By Bio-IT World Staff

June 3, 2015 | Genomics England today announced four finalist companies and one alternate that will begin working on the interpretation of the genomes of the first 8,000 patients participating in the 100,000 Genomes Project.  Congenica and Omicia will work in rare diseases, Nanthealth in cancer, and Wuxi Nextcode in both rare disease and cancer for this stage of the project. Lockheed Martin in partnership with Cypher Genomics is the alternate.

The chosen companies must pass a test phase and agree to the contract before work begins on August 1. Each of the successful suppliers will have to provide the services within the Genomics England data centre, thus ensuring that the data does not leave the data centre. 

Genomics England, owned by the UK Department of Health, was set up to deliver the 100,000 Genomes Project by sequencing 100,000 NHS patients by 2017.

The project kicked off in the Spring of 2014 with a “bake off” for annotation and interpretation to determine the quality of offerings around the world.  The challenge attracted 28 participants, each of which was sent the genomes of 15 rare disease trio samples and 10 cancer/normal samples and asked to interpret them.  The submitted reports were then evaluated by a team within Genomics England.

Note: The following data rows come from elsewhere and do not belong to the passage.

(* Let $p\in(1,2)$. For $u\in\mathbb{R}^2$ and indices $\kappa,\lambda,i,j\in\{1,2\}$ set $$A^{\kappa\lambda}_{ij}(u)=\delta_{\kappa\lambda}\delta_{ij}+\Big(\delta_{\kappa i}+\tfrac{2p}{2-p}\tfrac{u_iu_\kappa}{1+|u|^2}\Big)\Big(\delta_{\lambda j}+\tfrac{2p}{2-p}\tfrac{u_ju_\lambda}{1+|u|^2}\Big),$$ and for $z,\bar z\in\mathbb{R}^{2\times 2}$ let $A(u)(z,\bar z)=\sum_{\kappa,\lambda,i,j}A^{\kappa\lambda}_{ij}(u)z^\kappa_i\bar z^\lambda_j$. Let $g\colon\mathbb{R}\to[0,1]$ be a symmetric smooth function with $\mathbf{1}_{\{0\}}\le g\le\mathbf{1}_{(-1,1)}$, and put $m_g=(p-1)^{-1}\big(1+\sup_{s\in\mathbb{R}}\{|g'(s)|+2|g''(s)|s\}\big)$. Define $f\colon(\mathbb{R}^2\setminus\{0\})\times\mathbb{R}^{2\times2}\to\mathbb{R}$ by $$f(x,z)=\big(g(|z|^2)+m_g\,A(x/|x|)(z,z)\big)^{p/2}.$$ Then $f$ is smooth with respect to $z$, and there exist constants $L\ge\nu>0$ depending only on $p$ and $m_g$ such that: $D_{zz}f(x,z)$ is jointly continuous in $(x,z)\in(\mathbb{R}^2\setminus\{0\})\times\mathbb{R}^{2\times 2}$; $\nu|z|^p\le f(x,z)\le L(1+|z|)^p$; and $\nu(1+|z|)^{p-2}|\lambda|^2\le D_{zz}f(x,z)(\lambda,\lambda)\le L(1+|z|)^{p-2}|\lambda|^2$, for all $x\in\mathbb{R}^2\setminus\{0\}$ and $z,\lambda\in\mathbb{R}^{2\times2}$.
   Context: $\delta$ denotes the Kronecker delta and $\mathbf{1}_X$ the indicator function of a set $X$. For $z\in\mathbb{R}^{2\times 2}$, $z^\kappa_i$ denotes its entries and $|z|$ the Euclidean (Frobenius) norm. *)

theory Defs
  imports "HOL-Analysis.Analysis"
begin

fun dd :: "('a::real_normed_vector \<Rightarrow> real) \<Rightarrow> 'a list \<Rightarrow> 'a \<Rightarrow> real" where
  "dd f [] = f"
| "dd f (h # hs) = (\<lambda>z. frechet_derivative (dd f hs) (at z) h)"

definition smooth_on :: "'a::real_normed_vector set \<Rightarrow> ('a \<Rightarrow> real) \<Rightarrow> bool" where
  "smooth_on S f \<longleftrightarrow> (\<forall>hs z. z \<in> S \<longrightarrow> dd f hs differentiable (at z))"

definition kdelta :: "2 \<Rightarrow> 2 \<Rightarrow> real" where
  "kdelta a b = (if a = b then 1 else 0)"

definition Acoef :: "real \<Rightarrow> real^2 \<Rightarrow> 2 \<Rightarrow> 2 \<Rightarrow> 2 \<Rightarrow> 2 \<Rightarrow> real" where
  "Acoef p u k l i j =
     kdelta k l * kdelta i j
     + (kdelta k i + (2*p/(2-p)) * (u$i * u$k) / (1 + (norm u)\<^sup>2))
     * (kdelta l j + (2*p/(2-p)) * (u$j * u$l) / (1 + (norm u)\<^sup>2))"

text \<open>A(u)(z,zbar), with z$k$i the entry z^k_i.\<close>
definition Aform :: "real \<Rightarrow> real^2 \<Rightarrow> real^2^2 \<Rightarrow> real^2^2 \<Rightarrow> real" where
  "Aform p u z zb = (\<Sum>k\<in>UNIV. \<Sum>l\<in>UNIV. \<Sum>i\<in>UNIV. \<Sum>j\<in>UNIV.
      Acoef p u k l i j * z$k$i * zb$l$j)"

definition admissible_g :: "(real \<Rightarrow> real) \<Rightarrow> bool" where
  "admissible_g g \<longleftrightarrow> smooth_on UNIV g \<and> (\<forall>s. g (-s) = g s)
     \<and> (\<forall>s. 0 \<le> g s \<and> g s \<le> 1)
     \<and> g 0 = 1 \<and> (\<forall>s. \<bar>s\<bar> \<ge> 1 \<longrightarrow> g s = 0)"

definition m_g :: "real \<Rightarrow> (real \<Rightarrow> real) \<Rightarrow> real" where
  "m_g p g = (1 + (SUP s. \<bar>deriv g s\<bar> + 2 * \<bar>deriv (deriv g) s\<bar> * s)) / (p - 1)"

definition fdens :: "real \<Rightarrow> (real \<Rightarrow> real) \<Rightarrow> real^2 \<Rightarrow> real^2^2 \<Rightarrow> real" where
  "fdens p g x z = (g ((norm z)\<^sup>2) + m_g p g * Aform p (x /\<^sub>R norm x) z z) powr (p/2)"

end

theory Submission
  imports Defs
begin

text \<open>The coefficients factor as \<open>A(u)(z, z') = \<langle>z, z'\<rangle> + \<langle>W, z\<rangle> \<langle>W, z'\<rangle>\<close> for a bounded matrix
  \<open>W = W(u)\<close>, so \<open>f = b^(p/2)\<close> with \<open>b(z) = g(|z|\<^sup>2) + m (|z|\<^sup>2 + \<langle>W, z\<rangle>\<^sup>2)\<close>. Writing \<open>T\<close> for
  the supremum in the definition of \<open>m\<close>, we have \<open>g(s) \<ge> 1 - T s\<close> and \<open>m - T = (2 - p) m + 1 \<ge> 1\<close>,
  so \<open>b\<close> is comparable to \<open>1 + |z|\<^sup>2\<close>, which gives the growth bounds. For the Hessian,
  \<open>D\<^sup>2(b^(p/2)) = (p/2) b^(p/2 - 2) (b D\<^sup>2b - (1 - p/2) (Db)\<^sup>2)\<close>; estimating \<open>Db\<close> by Cauchy-Schwarz,
  separately in its \<open>g\<close>-part and its \<open>m\<close>-part, and using \<open>|g'(s)| + 2 |g''(s)| s \<le> T\<close>, the size of
  \<open>m\<close> forces \<open>b D\<^sup>2b - (1 - p/2) (Db)\<^sup>2 \<ge> 2 \<delta> b |\<lambda>|\<^sup>2\<close> with \<open>\<delta> > 0\<close> depending on \<open>p\<close> and \<open>m\<close> only.
  Smoothness in \<open>z\<close> holds because \<open>b > 0\<close> is built from \<open>g\<close>, inner products and arithmetic.\<close>

section \<open>Smooth functions generated by a profile\<close>

lemma smooth_on_has_real_derivative:
  assumes "smooth_on UNIV g"
  shows "(dd g hs has_real_derivative dd g (1 # hs) s) (at s)"
proof -
  have "dd g hs differentiable (at s)"
    using assms unfolding smooth_on_def by blast
  then have D: "(dd g hs has_derivative frechet_derivative (dd g hs) (at s)) (at s)"
    by (simp add: frechet_derivative_works)
  have eq: "frechet_derivative (dd g hs) (at s) = (\<lambda>t. dd g (1 # hs) s * t)"
  proof
    fix t :: real
    have "frechet_derivative (dd g hs) (at s) (t *\<^sub>R 1) = t *\<^sub>R frechet_derivative (dd g hs) (at s) 1"
      by (rule linear_cmul[OF has_derivative_linear[OF D]])
    then show "frechet_derivative (dd g hs) (at s) t = dd g (1 # hs) s * t"
      by simp
  qed
  show ?thesis
    using D unfolding has_field_derivative_def eq .
qed

lemma has_derivative_powr_const:
  fixes F :: "'a::real_normed_vector \<Rightarrow> real"
  assumes "(F has_derivative F') (at z)" and "0 < F z"
  shows "((\<lambda>z. F z powr a) has_derivative (\<lambda>h. F' h * (a * F z powr (a - 1)))) (at z)"
  using DERIV_compose_FDERIV[OF has_real_derivative_powr[OF assms(2)] assms(1)] by simp

text \<open>Each generating operation has a derivative formula that stays inside the class, so a
  derivative of a member is again a member; this is how smoothness of the density is proved.\<close>

inductive_set smooth_closure :: "(real \<Rightarrow> real) \<Rightarrow> ('a::real_normed_vector \<Rightarrow> real) set"
  for g :: "real \<Rightarrow> real"
where
  const: "(\<lambda>z. c) \<in> smooth_closure g"
| linear: "bounded_linear f \<Longrightarrow> f \<in> smooth_closure g"
| add: "F \<in> smooth_closure g \<Longrightarrow> G \<in> smooth_closure g \<Longrightarrow> (\<lambda>z. F z + G z) \<in> smooth_closure g"
| mult: "F \<in> smooth_closure g \<Longrightarrow> G \<in> smooth_closure g \<Longrightarrow> (\<lambda>z. F z * G z) \<in> smooth_closure g"
| profile: "F \<in> smooth_closure g \<Longrightarrow> (\<lambda>z. dd g (replicate n 1) (F z)) \<in> smooth_closure g"
| powr: "F \<in> smooth_closure g \<Longrightarrow> (\<forall>z. 0 < F z) \<Longrightarrow> (\<lambda>z. F z powr a) \<in> smooth_closure g"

The 10 companies that passed this stage were then invited to take part in a tender to provide interpretation services in relation to the first 8,000 patients being treated within the 100,000 Genomes Project.  The focus of the tender was whether the companies could provide an automated service with limited amounts of manual intervention. Interpretation reports will be provided by multiple providers for some patients to compare performance.

The four companies plus one alternate announced today progressed from that phase of the program.

Genomics England continues to work with Illumina and are also expanding their partnership to explore a variety of bioinformatic challenges around sequencing and clinical interpretation.